До сих пор афиняне слушали Сократа с сочувствием: хорошо он отделал этих софистов! Но тут вдруг у них начинала кружиться голова, и в сердце просыпался знакомый страх бесконечности. На этот раз — не бесконечности мира, а бесконечности мысли. Если каждый раз смотреть все шире и глубже, то ведь мы никогда и не остановимся! Старую справедливость потеряли, а новую так и не найдем. А тогда — жить-то как же?

РАЗГОВОР СОКРАТА

У Сократа был молодой друг по имени Евфидем, а по прозвищу Красавец. Ему не терпелось стать взрослым и говорить громкие речи в народном собрании. Сократу захотелось его образумить. Он спросил его:
«Скажи, Евфидем, знаешь ли ты, что такое справедливость?» — «Конечно, знаю, не хуже всякого другого». — «А я вот человек к политике непривычный, и мне почему-то трудно в этом разобраться. Скажи: лгать, обманывать, воровать, хватать людей и продавать в рабство — это справедливо?» — «Конечно, несправедливо!» — «Ну а если полководец, отразив нападение неприятелей, захватит пленных и продаст их в рабство, это тоже будет несправедливо?» — «Нет, пожалуй что, справедливо». — «А если он будет грабить и разорять их землю?» — «Тоже справедливо». — «А если будет обманывать их военными хитростями?» — «Тоже справедливо. Да, пожалуй, я сказал тебе неточно: и ложь, и обман, и воровство — это по отношению к врагам справедливо, а по отношению к друзьям несправедливо».

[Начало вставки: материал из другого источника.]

(* Let $\mathcal{C}\subseteq\mathcal{I}$ and let $f$ be a nonnegative real-valued function on partitions of $\mathcal{C}$ that is monotone and subadditive on the partition semilattice (with respect to refinement and join). Then the instance-independent pricing function $p(\mathbf{Q})=f(\mathcal{P}_{\mathbf{Q}}\cap\mathcal{C})$ is arbitrage-free.
   Context: $\mathcal{I}$ is a countable nonempty set of database instances; queries are deterministic functions on $\mathcal{I}$; a query bundle is a finite tuple of queries from a language $\mathcal{L}$, evaluated componentwise; $B(\mathcal{L})$ is the set of bundles, closed under concatenation $\mathbf{Q}_1,\mathbf{Q}_2$. $\mathcal{P}_{\mathbf{Q}}$ is the partition of $\mathcal{I}$ into the equivalence classes of $D\sim D'\iff\mathbf{Q}(D)=\mathbf{Q}(D')$. For a partition $\mathcal{P}$ of $\mathcal{I}$, its restriction is $\mathcal{P}\cap\mathcal{C}=\{B\cap\mathcal{C}:B\in\mathcal{P},\,B\cap\mathcal{C}\ne\emptyset\}$. $\mathcal{P}_1\succeq\mathcal{P}_2$ means each block of $\mathcal{P}_1$ is contained in a block of $\mathcal{P}_2$; the join $\mathcal{P}_1\vee\mathcal{P}_2$ has as blocks the nonempty intersections of a block of $\mathcal{P}_1$ with a block of $\mathcal{P}_2$. $f$ monotone: $\mathcal{P}_1\succeq\mathcal{P}_2\Rightarrow f(\mathcal{P}_1)\ge f(\mathcal{P}_2)$; subadditive: $f(\mathcal{P}_1\vee\mathcal{P}_2)\le f(\mathcal{P}_1)+f(\mathcal{P}_2)$. An instance-independent pricing function $p$ is arbitrage-free if (i) whenever for all $D',D''\in\mathcal{I}$, $\mathbf{Q}_2(D')=\mathbf{Q}_2(D'')$ implies $\mathbf{Q}_1(D')=\mathbf{Q}_1(D'')$, we have $p(\mathbf{Q}_2)\ge p(\mathbf{Q}_1)$; and (ii) $p(\mathbf{Q}_1,\mathbf{Q}_2)\le p(\mathbf{Q}_1)+p(\mathbf{Q}_2)$ for all bundles. *)

theory Defs
  imports Complex_Main "HOL-Library.Disjoint_Sets" "HOL-Library.Countable_Set"
begin

text \<open>The set of bundles over a language L is lists L; concatenation is append.\<close>

definition eval_bundle :: "('i \<Rightarrow> 'o) list \<Rightarrow> 'i \<Rightarrow> 'o list" where
  "eval_bundle Q D = map (\<lambda>q. q D) Q"

definition query_partition :: "'i set \<Rightarrow> ('i \<Rightarrow> 'o) list \<Rightarrow> 'i set set" where
  "query_partition I Q = {{D' \<in> I. eval_bundle Q D' = eval_bundle Q D} | D. D \<in> I}"

definition restrict_partition :: "'i set set \<Rightarrow> 'i set \<Rightarrow> 'i set set" where
  "restrict_partition P C = {B \<inter> C | B. B \<in> P \<and> B \<inter> C \<noteq> {}}"

text \<open>refines P1 P2 means P1 \<succeq> P2: each block of P1 lies in a block of P2.\<close>
definition refines :: "'i set set \<Rightarrow> 'i set set \<Rightarrow> bool" where
  "refines P1 P2 \<longleftrightarrow> (\<forall>B1\<in>P1. \<exists>B2\<in>P2. B1 \<subseteq> B2)"

definition partition_join :: "'i set set \<Rightarrow> 'i set set \<Rightarrow> 'i set set" where
  "partition_join P1 P2 = {B1 \<inter> B2 | B1 B2. B1 \<in> P1 \<and> B2 \<in> P2 \<and> B1 \<inter> B2 \<noteq> {}}"

definition monotone_partition_fun :: "'i set \<Rightarrow> ('i set set \<Rightarrow> real) \<Rightarrow> bool" where
  "monotone_partition_fun C f \<longleftrightarrow>
     (\<forall>P1 P2. partition_on C P1 \<longrightarrow> partition_on C P2 \<longrightarrow> refines P1 P2 \<longrightarrow> f P1 \<ge> f P2)"

definition subadditive_partition_fun :: "'i set \<Rightarrow> ('i set set \<Rightarrow> real) \<Rightarrow> bool" where
  "subadditive_partition_fun C f \<longleftrightarrow>
     (\<forall>P1 P2. partition_on C P1 \<longrightarrow> partition_on C P2 \<longrightarrow>
        f (partition_join P1 P2) \<le> f P1 + f P2)"

definition arbitrage_free :: "'i set \<Rightarrow> ('i \<Rightarrow> 'o) set \<Rightarrow> (('i \<Rightarrow> 'o) list \<Rightarrow> real) \<Rightarrow> bool" where
  "arbitrage_free I L p \<longleftrightarrow>
     (\<forall>Q1\<in>lists L. \<forall>Q2\<in>lists L.
        (\<forall>D'\<in>I. \<forall>D''\<in>I. eval_bundle Q2 D' = eval_bundle Q2 D'' \<longrightarrow>
                          eval_bundle Q1 D' = eval_bundle Q1 D'') \<longrightarrow> p Q2 \<ge> p Q1)
   \<and> (\<forall>Q1\<in>lists L. \<forall>Q2\<in>lists L. p (Q1 @ Q2) \<le> p Q1 + p Q2)"

end

theory Submission
  imports Defs
begin

text \<open>Restricted to \<open>C \<subseteq> I\<close>, the partition induced by a bundle \<open>Q\<close> is the partition of \<open>C\<close>
  into the fibres of \<open>eval_bundle Q\<close>. If \<open>Q\<^sub>2\<close> determines \<open>Q\<^sub>1\<close>, the fibres of \<open>Q\<^sub>2\<close> refine
  those of \<open>Q\<^sub>1\<close>; the fibres of \<open>Q\<^sub>1 @ Q\<^sub>2\<close> are the nonempty intersections of fibres of
  \<open>Q\<^sub>1\<close> and of \<open>Q\<^sub>2\<close>, i.e. their join. Monotonicity and subadditivity of \<open>f\<close> are then
  exactly the two arbitrage-freeness conditions.\<close>

definition fibre_partition :: "'a set \<Rightarrow> ('a \<Rightarrow> 'b) \<Rightarrow> 'a set set" where
  "fibre_partition C g = {{y \<in> C. g y = g x} | x. x \<in> C}"

lemma partition_on_fibre_partition: "partition_on C (fibre_partition C g)"
  unfolding partition_on_def fibre_partition_def disjoint_def by auto

lemma refines_fibre_partition:
  assumes "\<And>x y. x \<in> C \<Longrightarrow> y \<in> C \<Longrightarrow> g x = g y \<Longrightarrow> h x = h y"
  shows "refines (fibre_partition C g) (fibre_partition C h)"
  unfolding refines_def fibre_partition_def using assms by auto

lemma query_partition_eq_fibre_partition: "query_partition I Q = fibre_partition I (eval_bundle Q)"
  unfolding query_partition_def fibre_partition_def ..

lemma restrict_fibre_partition:
  assumes "C \<subseteq> I"
  shows "restrict_partition (fibre_partition I g) C = fibre_partition C g"
proof (intro equalityI subsetI)
  fix B assume "B \<in> restrict_partition (fibre_partition I g) C"
  then obtain x z where "B = {y \<in> I. g y = g x} \<inter> C" and z: "z \<in> C" "g z = g x"
    unfolding restrict_partition_def fibre_partition_def by blast
  then have "B = {y \<in> C. g y = g z}" using assms by auto
  with z show "B \<in> fibre_partition C g" unfolding fibre_partition_def by blast
next
  fix B assume "B \<in> fibre_partition C g"
  then obtain x where "x \<in> C" and "B = {y \<in> C. g y = g x}"
    unfolding fibre_partition_def by blast
  then have "B = {y \<in> I. g y = g x} \<inter> C" "x \<in> B" "x \<in> I" using assms by auto
  then show "B \<in> restrict_partition (fibre_partition I g) C"
    unfolding restrict_partition_def fibre_partition_def by blast
qed

lemma fibre_partition_eq_join:
  assumes "\<And>x y. x \<in> C \<Longrightarrow> y \<in> C \<Longrightarrow> g x = g y \<longleftrightarrow> h\<^sub>1 x = h\<^sub>1 y \<and> h\<^sub>2 x = h\<^sub>2 y"
  shows "fibre_partition C g = partition_join (fibre_partition C h\<^sub>1) (fibre_partition C h\<^sub>2)"
proof (intro equalityI subsetI)
  fix B assume "B \<in> fibre_partition C g"
  then obtain x where x: "x \<in> C" and "B = {y \<in> C. g y = g x}"
    unfolding fibre_partition_def by blast
  then have "B = {y \<in> C. h\<^sub>1 y = h\<^sub>1 x} \<inter> {y \<in> C. h\<^sub>2 y = h\<^sub>2 x}" "x \<in> B"
    using assms by auto
  with x show "B \<in> partition_join (fibre_partition C h\<^sub>1) (fibre_partition C h\<^sub>2)"
    unfolding partition_join_def fibre_partition_def by blast
next
  fix B assume "B \<in> partition_join (fibre_partition C h\<^sub>1) (fibre_partition C h\<^sub>2)"
  then obtain x\<^sub>1 x\<^sub>2 z where "B = {y \<in> C. h\<^sub>1 y = h\<^sub>1 x\<^sub>1} \<inter> {y \<in> C. h\<^sub>2 y = h\<^sub>2 x\<^sub>2}"
      and "z \<in> B"
    unfolding partition_join_def fibre_partition_def by blast
  \<comment> \<open>a nonempty intersection of two fibres is the pair of fibres through any of its points\<close>
  then have z: "z \<in> C" and "B = {y \<in> C. h\<^sub>1 y = h\<^sub>1 z} \<inter> {y \<in> C. h\<^sub>2 y = h\<^sub>2 z}" by auto
  then have "B = {y \<in> C. g y = g z}" using assms by auto
  with z show "B \<in> fibre_partition C g" unfolding fibre_partition_def by blast
qed

lemma eval_bundle_append_eq_iff:
  "eval_bundle (Q\<^sub>1 @ Q\<^sub>2) a = eval_bundle (Q\<^sub>1 @ Q\<^sub>2) b \<longleftrightarrow>
   eval_bundle Q\<^sub>1 a = eval_bundle Q\<^sub>1 b \<and> eval_bundle Q\<^sub>2 a = eval_bundle Q\<^sub>2 b"
  unfolding eval_bundle_def by auto

theorem lemma24:
  fixes I C :: "'i set" and L :: "('i \<Rightarrow> 'o) set" and f :: "'i set set \<Rightarrow> real"
  assumes "countable I" and "I \<noteq> {}"
    and "C \<subseteq> I"
    and "\<And>P. partition_on C P \<Longrightarrow> f P \<ge> 0"
    and "monotone_partition_fun C f"
    and "subadditive_partition_fun C f"
  shows "arbitrage_free I L (\<lambda>Q. f (restrict_partition (query_partition I Q) C))"
proof -
  let ?P = "\<lambda>Q. fibre_partition C (eval_bundle Q)"
  have price: "restrict_partition (query_partition I Q) C = ?P Q" for Q :: "('i \<Rightarrow> 'o) list"
    using \<open>C \<subseteq> I\<close> by (simp add: query_partition_eq_fibre_partition restrict_fibre_partition)
  have determined: "f (?P Q\<^sub>1) \<le> f (?P Q\<^sub>2)"
    if "\<forall>D'\<in>I. \<forall>D''\<in>I. eval_bundle Q\<^sub>2 D' = eval_bundle Q\<^sub>2 D'' \<longrightarrow>
                         eval_bundle Q\<^sub>1 D' = eval_bundle Q\<^sub>1 D''" for Q\<^sub>1 Q\<^sub>2
  proof -
    have "refines (?P Q\<^sub>2) (?P Q\<^sub>1)"
      using that \<open>C \<subseteq> I\<close> by (intro refines_fibre_partition) blast
    then show ?thesis using \<open>monotone_partition_fun C f\<close>
      by (simp add: monotone_partition_fun_def partition_on_fibre_partition)
  qed
  have concatenated: "f (?P (Q\<^sub>1 @ Q\<^sub>2)) \<le> f (?P Q\<^sub>1) + f (?P Q\<^sub>2)" for Q\<^sub>1 Q\<^sub>2
    using \<open>subadditive_partition_fun C f\<close>
    by (simp add: subadditive_partition_fun_def partition_on_fibre_partition
        fibre_partition_eq_join[OF eval_bundle_append_eq_iff])
  show ?thesis
    unfolding arbitrage_free_def price using determined concatenated by blast
qed

end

«Прекрасно! Теперь и я, кажется, начинаю понимать. Но скажи мне вот что, Евфидем: если полководец увидит, что воины его приуныли, и солжет им, будто к ним подходят союзники, и этим ободрит их, — такая ложь будет несправедливой?» — «Нет, пожалуй что, справедливой». — «А если сыну нужно лекарство, но он не хочет принимать его, а отец обманом подложит его в пищу, и сын выздоровеет, — такой обман будет несправедливым?» — «Нет, тоже справедливым». — «А если кто, видя друга в отчаянии и боясь, как бы он не наложил на себя руки, украдет или отнимет у него меч и кинжал, — что сказать о таком воровстве?» — «И это справедливо. Да, Сократ, получается, что я опять сказал тебе неточно; надо было сказать: и ложь, и обман, и воровство — это по отношению к врагам справедливо, а по отношению к друзьям справедливо, когда делается им на благо, и несправедливо, когда делается им во зло».

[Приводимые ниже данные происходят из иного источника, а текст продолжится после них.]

(* Let $Q$ be a quiver and let $\Pi\in\mathcal{V}^2Q$ be a Poisson structure on $\mathbb{C}Q$ such that $\Pi=\Pi^1+\Pi^2$, where $\Pi^1$ and $\Pi^2$ are homogeneous of different degrees. Then $\Pi^1$ and $\Pi^2$ are compatible Poisson structures on $\mathbb{C}Q$, i.e. $[\Pi^i,\Pi^j]_{\mathcal V}=0$ for $i,j=1,2$.
   Context: A quiver $Q$ has vertex set $I=\{1,\dots,k\}$, arrows $Q$, head/tail maps $h,t$. The path algebra $\mathbb{C}Q$ has basis the paths (including trivial paths $e_i$), multiplied by concatenation written right to left. The double quiver $\bar Q$ has arrows $Q\cup\{a^*\}$ with $h(a^* )=t(a)$, $t(a^* )=h(a)$; $\mathbb{C}\bar Q^r$ is spanned by paths with exactly $r$ starred arrows. $\mathcal{V}Q$ is the quotient of $\mathbb{C}\bar Q$ by the span of $PR-(-1)^{pr}RP$ ($P\in\mathbb{C}\bar Q^p$, $R\in\mathbb{C}\bar Q^r$), graded by $r$. For $w\in\bar Q$, $D_w(x_1\cdots x_n)=\sum_{i:x_i=w}(-1)^{\lambda_i\mu_i}x_{i+1}\cdots x_nx_1\cdots x_{i-1}$, $\lambda_i$ (resp. $\mu_i$) the number of starred arrows among $x_{i+1},\dots,x_n$ (resp. $x_1,\dots,x_i$). For $\gamma\in\mathcal{V}^rQ,\delta\in\mathcal{V}^sQ$: $[\gamma,\delta]_{\mathcal V}=\sum_{a\in Q}\big(D_{a^*}(\gamma)D_a(\delta)-(-1)^{(r-1)(s-1)}D_{a^*}(\delta)D_a(\gamma)\big)$ modulo the relations. A Poisson structure on $\mathbb{C}Q$ is $\Pi\in\mathcal{V}^2Q$ with $[\Pi,\Pi]_{\mathcal V}=0$. Every element of $\mathcal{V}^2Q$ can be written as $\sum_{a,b\in Q}\sum_{P,R}[Pa^*,Rb^*]$ with $P,R\in\mathbb{C}Q$ paths, where $[u,v]=uv-vu$; such an element is homogeneous of degree $p$ if each nonzero closed path $Pa^*Rb^*$ occurring has length $p+2$. *)

theory Defs
  imports Complex_Main "HOL-Library.Function_Algebras"
begin
lemma dir_near_grad:
  assumes "0 < \<alpha>" "\<alpha> \<le> 1" "0 \<le> t"
    and near: "norm (iter \<alpha> N - interp \<alpha> t) \<le> \<delta>"
  shows "norm (dir \<alpha> N - G (interp \<alpha> t)) \<le> 2 * L * (real k * \<alpha> * (2 * M) + \<delta>)"
proof -
  let ?x = "interp \<alpha> t"
  let ?pB = "lora_eval_B G lam k \<alpha> B0 A0 N" and ?pA = "lora_eval_A G lam k \<alpha> B0 A0 N"
  have box: "cball 0 C \<times> cball 0 C \<subseteq> cball 0 (C + M) \<times> cball 0 (C + M)"
    using M_nonneg by auto
  have "norm (G p - G ?x) \<le> L * (real k * \<alpha> * (2 * M) + \<delta>)"
    if "p \<in> cball 0 C \<times> cball 0 C" "norm (p - iter \<alpha> N) \<le> real k * \<alpha> * (2 * M)" for p
  proof -
    have "p \<in> cball 0 (C + M) \<times> cball 0 (C + M)" using that(1) box by blast
    then have "norm (G p - G ?x) \<le> L * norm (p - ?x)"
      by (rule lipschitz_on_normD[OF grad_lipschitz _ interp_mem[OF assms(1-3)]])
    also have "\<dots> \<le> L * (real k * \<alpha> * (2 * M) + \<delta>)"
      using norm_diff_triangle_le[OF that(2) near] lipschitz_on_nonneg[OF grad_lipschitz]
      by (intro mult_left_mono) auto
    finally show ?thesis .
  qed
  note close = this[OF eval_mem(1)[OF assms(1)] norm_eval_sub_iter(1)[OF assms(1)]]
    this[OF eval_mem(2)[OF assms(1)] norm_eval_sub_iter(2)[OF assms(1)]]
  have "dir \<alpha> N - G ?x = (fst (G ?pB - G ?x), snd (G ?pA - G ?x))"
    by (simp add: lora_dir_def prod_eq_iff)
  then have "norm (dir \<alpha> N - G ?x) \<le> norm (fst (G ?pB - G ?x)) + norm (snd (G ?pA - G ?x))"
    by (simp only: norm_Pair_le)
  also have "\<dots> \<le> norm (G ?pB - G ?x) + norm (G ?pA - G ?x)"
    by (intro add_mono norm_fst_le_norm norm_snd_le_norm)
  finally show ?thesis using close by simp
qed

«Очень хорошо, Евфидем; теперь я вижу, что, прежде чем распознавать справедливость, мне надобно научиться распознавать благо и зло. Но уж это ты, конечно, знаешь?» — «Думаю, что знаю, Сократ; хотя почему-то уже не так в этом уверен». — «Так что же это такое?» — «Ну вот, например, здоровье — это благо, а болезнь — это зло; пища или питье, которые ведут к здоровью, — это благо, а которые ведут к болезни, — зло». — «Очень хорошо, про пищу и питье я понял; но тогда, может быть, вернее и о здоровье сказать таким же образом: когда оно ведет ко благу, то оно — благо, а когда ко злу, то оно — зло?» — «Что ты, Сократ, да когда же здоровье может быть ко злу?» — «А вот, например, началась нечестивая война и, конечно, кончилась поражением; здоровые пошли на войну и погибли, а больные остались дома и уцелели; чем же было здесь здоровье — благом или злом?»
«Да, вижу я, Сократ, что пример мой неудачный. Но, наверное, уж можно сказать, что ум — это благо!» — «А всегда ли? Вот персидский царь часто требует из греческих городов к своему двору умных и умелых ремесленников, держит их при себе и не пускает на родину; на благо ли им их ум?» — «Тогда — красота, сила, богатство, слава!» — «Но ведь на красивых чаще нападают работорговцы, потому что красивые рабы дороже ценятся; сильные нередко берутся за дело, превышающее их силу, и попадают в беду; богатые изнеживаются, становятся жертвами интриг и погибают; слава всегда вызывает зависть, и от этого тоже бывает много зла».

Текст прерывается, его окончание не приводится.